The Hamilton sisters studied under William Orpen at the Dublin Metropolitan School of Art. Letitia also studied enamel at the Dublin Metropolitan School of Art and she was commended by both the Metropolitan School and the Board of Education National Commission who awarded her a silver medal in 1912. The use of the Art Nouveau style in her enamel work foreshadows the modernist leanings of her later paintings. Initially the more ambitious of the two, Eva was the first to exhibit, showing work with the Water Colour Society of Ireland in 1898. She later turned to portraiture and became known for informal group portraits, as well as individuals against plain backgrounds.

Letitia first exhibited in 1902. While she was slower in developing her style than her sister, it was Letitia who engaged with the avant-garde movements current on the Continent, and whose modernist style differentiated her from the “accomplished” manner typical of lady painters hailing from the Big Houses.

In 1915 Letitia and Eva exhibited works from their travels in Holland. Letitia was a frequent traveller both in Europe and Ireland, and was influenced by the prevailing modern European artistic trends of the 20s and 30s. She also exhibited internationally – in London (Royal Academy, Burlington Gallery and Kensington Art Gallery), Scotland and the Salon in Paris. It is believed that she first came under the influence of the Impressionists when in France with Anne St John Partridge, whom she was studying under at the time.

1920 is seen as the turning point for Letitia, when her work reached its mature style. In this year she became a founding member of the Society of Dublin Painters, a group encouraging young artists with avant-garde tendencies.  Around this time her signature changed from MH (May Hamilton) to LMH (signifying her full name Letitia Marion (‘May’) Hamilton). She worked by creating small oil sketches, which were later developed into finished works. She painted rapidly, and had a loose and fluid touch.

Letitia first travelled to Venice in the early 1920s, and a booklet on a joint exhibition of Venetian views (The Stephen’s Green Gallery, February 1924) can be seen in the image accompanying this article. When in Venice, Letitia painted on a gondola studio lent to her by her friend, artist Ada Longfield. These Venetian works are among her best, and show the development of her mature style. They are characterised by a looseness of brushwork, and an interest in the effects of light. She worked in pastel shades, and made strong use of outlines. This new palette was later applied to her Irish landscapes, as were her experiments with painting light during her travels in Europe.

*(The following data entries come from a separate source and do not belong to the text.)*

(* q is the probability that no opponent in J has a value in S; otherwise bidder 0 ties at b. *)
lemma win_le_tie_bound:
  assumes "J \<subseteq> opponents n 0" and "S \<subseteq> {0..x}" and "\<forall>v\<in>S. \<beta> v = b"
  defines "q \<equiv> ((real x + 1 - real (card S)) / (real x + 1)) ^ card J"
  shows "win b \<le> 1 - (1 - max_tie_share ties) * (1 - q)"
proof -
  define Q where "Q = {w\<in>profiles. \<forall>j\<in>J. w j \<notin> S}"
  define m where "m = max_tie_share ties"
  define N where "N = real x + 1"
  have share_le: "win_share ties n 0 b (\<lambda>j. \<beta> (w j)) \<le> (if w \<in> Q then 1 else m)"
    if w: "w \<in> profiles" for w
  proof (cases "w \<in> Q")
    case False
    then obtain j where "j \<in> J" and "w j \<in> S"
      using w unfolding Q_def by blast
    then show ?thesis
      using False assms(1,3) win_share_tie[of j n 0 "\<lambda>j. \<beta> (w j)" b] unfolding m_def by auto
  qed (simp add: win_share_le_one)
  have "Q \<subseteq> profiles"
    unfolding Q_def by auto
  have "card S \<le> x + 1"
    using card_mono[OF _ assms(2)] by simp
  then have card_Q: "real (card Q) = (N - real (card S)) ^ card J * N ^ (n - 1 - card J)"
    unfolding Q_def card_profiles_avoiding[OF assms(1,2)] N_def by (simp add: of_nat_diff add.commute)
  have N_pow_pos: "0 < N ^ (n - 1)"
    unfolding N_def by simp
  have card_profiles: "real (card profiles) = N ^ (n - 1)"
    unfolding N_def by (simp add: card_PiE add.commute)
  have "card J \<le> n - 1"
    using card_mono[OF finite_opponents assms(1)] by simp
  then have "N ^ (n - 1) = N ^ card J * N ^ (n - 1 - card J)"
    by (metis le_add_diff_inverse power_add)
  then have q: "q = real (card Q) / N ^ (n - 1)"
    unfolding card_Q q_def N_def by (simp add: power_divide)
  have "(\<Sum>w\<in>profiles. win_share ties n 0 b (\<lambda>j. \<beta> (w j))) \<le> (\<Sum>w\<in>profiles. if w \<in> Q then 1 else m)"
    by (intro sum_mono share_le)
  also have "\<dots> = m * real (card (profiles - Q)) + real (card Q)"
    using sum.subset_diff[OF \<open>Q \<subseteq> profiles\<close> finite_profiles, of "\<lambda>w. if w \<in> Q then 1 else m"]
    by simp
  also have "\<dots> = N ^ (n - 1) * (1 - (1 - m) * (1 - q))"
    using \<open>Q \<subseteq> profiles\<close> finite_profiles N_pow_pos[THEN less_imp_neq, THEN not_sym]
    by (simp add: q card_Diff_subset finite_subset card_mono of_nat_diff card_profiles field_simps)
  finally show ?thesis
    unfolding win_eq m_def[symmetric] N_def[symmetric] using N_pow_pos
    by (simp add: pos_divide_le_eq mult.commute)
qed
lemma stab_T_at_eq:
  assumes "r \<in> objs G"
  shows "stab G al one (loc_group G (mor G) r) (T_at r) = loc_group G G_T r"
proof (intro set_eqI iffI)
  fix l
  assume "l \<in> stab G al one (loc_group G (mor G) r) (T_at r)"
  then have l: "l \<in> mor G" "src G l = r" "tgt G l = r" and l_T_at: "\<forall>b\<in>T_at r. carries l b b"
    by (auto simp: mem_stab_iff loc_group_def)
  have "t * one r \<in> T_at r" if t: "t \<in> T" for t
  proof -
    have "carries k (t * one r) (t * one r)" if "k \<in> loc_group G H r" for k
    proof -
      from that have k: "k \<in> H" "src G k = r" "tgt G k = r"
        by (simp_all add: loc_group_def)
      then show ?thesis
        using t carries_restrict[of k t t] H_in_mor[of k] by (simp add: mem_T_iff)
    qed
    then show ?thesis
      using assms objs_in_mor by (simp add: mem_fixed_ring_iff)
  qed
  then have "carries l t t" if "t \<in> T" for t
    using that l_T_at carries_restrict[OF l(1), of t t] l by simp
  then show "l \<in> loc_group G G_T r"
    using l by (simp add: loc_group_def mem_G_T_iff)
next
  fix l
  assume "l \<in> loc_group G G_T r"
  then have l: "l \<in> mor G" "src G l = r" "tgt G l = r" and l_T: "\<forall>t\<in>T. carries l t t"
    by (auto simp: mem_G_T_iff loc_group_def)
  have "carries l b b" if b: "b \<in> T_at r" for b
  proof -
    obtain t where "t \<in> T" "t * one r = b"
      using T_at_extends[OF assms b] .
    then show ?thesis
      using l_T carries_restrict[OF l(1), of t t] l by auto
  qed
  then show "l \<in> stab G al one (loc_group G (mor G) r) (T_at r)"
    using l by (simp add: mem_stab_iff loc_group_def)
qed

lemma G_T_wide_subgroupoid_iff:
  assumes rep: "\<forall>Y\<in>components G H. rep Y \<in> Y"
  shows "subgroupoid G G_T \<and> wide G G_T \<longleftrightarrow>
    (\<forall>Y\<in>components G H. subgroup_at G (rep Y) (loc_group G G_T (rep Y)))"
proof
  assume "subgroupoid G G_T \<and> wide G G_T"
  then show "\<forall>Y\<in>components G H. subgroup_at G (rep Y) (loc_group G G_T (rep Y))"
    using rep components_subset_objs by (auto simp: wide_def intro!: subgroup_at_loc_group)
next
  assume loops: "\<forall>Y\<in>components G H. subgroup_at G (rep Y) (loc_group G G_T (rep Y))"
  have "comp G f g \<in> G_T" if fg: "f \<in> G_T" "g \<in> G_T" "src G f = tgt G g" for f g
  proof -
    have mor: "f \<in> mor G" "g \<in> mor G"
      using fg by (auto simp: mem_G_T_iff)
    obtain Y where Y: "Y \<in> components G H" "src G g \<in> Y" "tgt G g \<in> Y"
      using G_T_component[OF fg(2)] .
    then have "tgt G f \<in> Y"
      using G_T_component_src_iff_tgt[OF fg(1) Y(1)] fg(3) by simp
    have r: "rep Y \<in> Y"
      using rep Y(1) by blast
    obtain a where a: "a \<in> H" "src G a = rep Y" "tgt G a = src G g" "full_mor a"
      using obtain_full_mor_in_H[OF Y(1) r Y(2)] .
    obtain b where b: "b \<in> H" "src G b = rep Y" "tgt G b = tgt G g" "full_mor b"
      using obtain_full_mor_in_H[OF Y(1) r Y(3)] .
    obtain c where c: "c \<in> H" "src G c = rep Y" "tgt G c = tgt G f" "full_mor c"
      using obtain_full_mor_in_H[OF Y(1) r \<open>tgt G f \<in> Y\<close>] .
    have abc: "a \<in> mor G" "b \<in> mor G" "c \<in> mor G"
      using a b c H_in_mor by auto
    have "comp G (ginv G c) (comp G f b) \<in> loc_group G G_T (rep Y)"
         "comp G (ginv G b) (comp G g a) \<in> loc_group G G_T (rep Y)"
      using a b c fg mor by (simp_all add: conj_in_loc_group_G_T_iff)
    then have "comp G (comp G (ginv G c) (comp G f b)) (comp G (ginv G b) (comp G g a))
        \<in> loc_group G G_T (rep Y)"
      using loops Y(1) unfolding subgroup_at_def by blast
    then have "comp G (ginv G c) (comp G (comp G f g) a) \<in> loc_group G G_T (rep Y)"
      using a b c abc fg mor by (simp add: conj_comp)
    then show ?thesis
      using a c fg mor by (simp add: conj_in_loc_group_G_T_iff)
  qed
  moreover have "g \<in> mor G" if "g \<in> G_T" for g
    using that by (simp add: mem_G_T_iff)
  moreover have "src G g \<in> G_T" "tgt G g \<in> G_T" if "g \<in> mor G" for g
    using that subsetD[OF objs_subset_G_T] by simp_all
  ultimately show "subgroupoid G G_T \<and> wide G G_T"
    unfolding subgroupoid_def wide_def using objs_subset_G_T ginv_in_G_T by (simp add: subset_iff)
qed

In works such as the atmospheric Snow in County Down (part of the Hugh Lane collection, see image above) her use of impasto techniques and work with the palette knife can be seen in the weight of the snow on the branches. This thick, vigorous application of paint and expressive brushwork shows the influence of Van Gogh on her work. The Impressionistic effects of dappled light can also be seen in the use of purples and yellows in the snow.

In 1948 Letitia was awarded a bronze medal in the arts section of the Olympic Games for her painting of the Meath Hunt Point to Point Races, the only Irish medal that year, and one of the last Olympic medals for art to be awarded. She became President of the Society of Dublin Painters in the late 1950s, continuing to paint throughout the 1960s in spite of her failing eyesight. Her last exhibition was held in 1963, the year before her death, in the Dawson Gallery, Dublin.

In her later years, she collected the work of fellow modern Irish artists such as Evie Hone, Louis LeBroquy and Jack B Yeats. The reputations of these respective artists have outlived that of the Hamilton sisters, but it is clear that they both played significant roles in the Irish art world of their time. Letitia in particular is important when examining the application of modern European movements to Irish art – something I will be returning to in the next instalment of this series, which covers the Irish Cubists – Evie Hone, Mainie Jellet and Mary Swanzy.